Caroline Geisler, PhD

Central Mechanisms of Amylin Mediated Attenuation of Motivated Feeding

Caroline received her Ph.D. in Animal Sciences from the University of Arizona. Under Dr. Ben Renquist, Caroline’s graduate work centered on understanding how hepatic lipid accumulation induced changes in hepatic metabolism drive dysregulations in systemic insulin homeostasis. In the Hayes’ lab, Caroline’s focus has shifted to the neurohormonal control of energy homeostasis. The amylin signaling system is an attractive therapeutic target to treat obesity as amylin acts synergistically with other satiation signals to decrease food intake and enhance weight loss. This work is investigating how amylin signaling in the ventral tegmental area (VTA) engages a neural network to the prefrontal cortex (PFC) to invoke satiation and limit motivated feeding especially of highly palatable and rewarding foods.

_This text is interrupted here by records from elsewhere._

(* Let $A\in\mathbb{R}^{2\times2}$ be diagonalizable (over $\mathbb{C}$) and let $p\in\{1,\infty\}$. Then there exists an invertible $W\in\mathbb{R}^{2\times 2}$ such that the linear vector field $x\mapsto Ax$ is WIC with respect to the weighted norm $x\mapsto\|Wx\|_p$ (equivalently, $\mu_p(WAW^{-1})\le 0$) if and only if every eigenvalue of $A$ lies in the cone $\{\alpha+\beta i:\ \alpha\le 0,\ |\beta|\le-\alpha\}$.
   Context: For $x\in\mathbb{R}^2$, $\|x\|_1=|x_1|+|x_2|$ and $\|x\|_\infty=\max(|x_1|,|x_2|)$. The matrix measure of $B\in\mathbb{R}^{2\times2}$ is $\mu_p(B)=\lim_{h\to0^+}\frac{\|I+hB\|_p-1}{h}$ (induced matrix norm); explicitly $\mu_1(B)=\max_j\big(b_{jj}+\sum_{i\ne j}|b_{ij}|\big)$ and $\mu_\infty(B)=\max_i\big(b_{ii}+\sum_{j\ne i}|b_{ij}|\big)$. A vector field $f$ is weakly infinitesimally contracting (WIC) with respect to a norm if $\sup_x \mu(Df(x))\le 0$ for the matrix measure $\mu$ associated to that norm; for the weighted norm $\|Wx\|_p$ and $f(x)=Ax$ this means $\mu_p(WAW^{-1})\le 0$. *)

theory Defs
  imports "HOL-Analysis.Analysis"
begin

datatype pnorm = P1 | PInf

text \<open>Matrix measure induced by the 1-norm: max over columns j of
  b_jj + sum over i different from j of abs b_ij.\<close>
definition mu1 :: "real^2^2 \<Rightarrow> real" where
  "mu1 B = Max ((\<lambda>j. B$j$j + (\<Sum>i\<in>UNIV - {j}. \<bar>B$i$j\<bar>)) ` UNIV)"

Our results demonstrate that intra-VTA amylin decreases food-evoked phasic dopamine release in the mPFC, and attenuates food-directed impulsive behavior. Surprisingly, amylin receptor expression is not observed on VTA-to-mPFC projecting neurons but is found on GABAergic neurons in the VTA that provide monosynaptic inputs to this pathway. Blocking intra-VTA GABA signaling diminishes the anorectic response to intra-VTA amylin. These results indicate that VTA amylin signaling stimulates GABA-mediated inhibition of dopaminergic projections to the mPFC to mitigate impulsive consumption of palatable foods.

The other focus of Caroline’s work in the Hayes’ lab is to understand how the glial-released satiation hormone octadecaneuropeptide (ODN) regulates energy homeostasis, central glucose sensing, and brain barrier transport.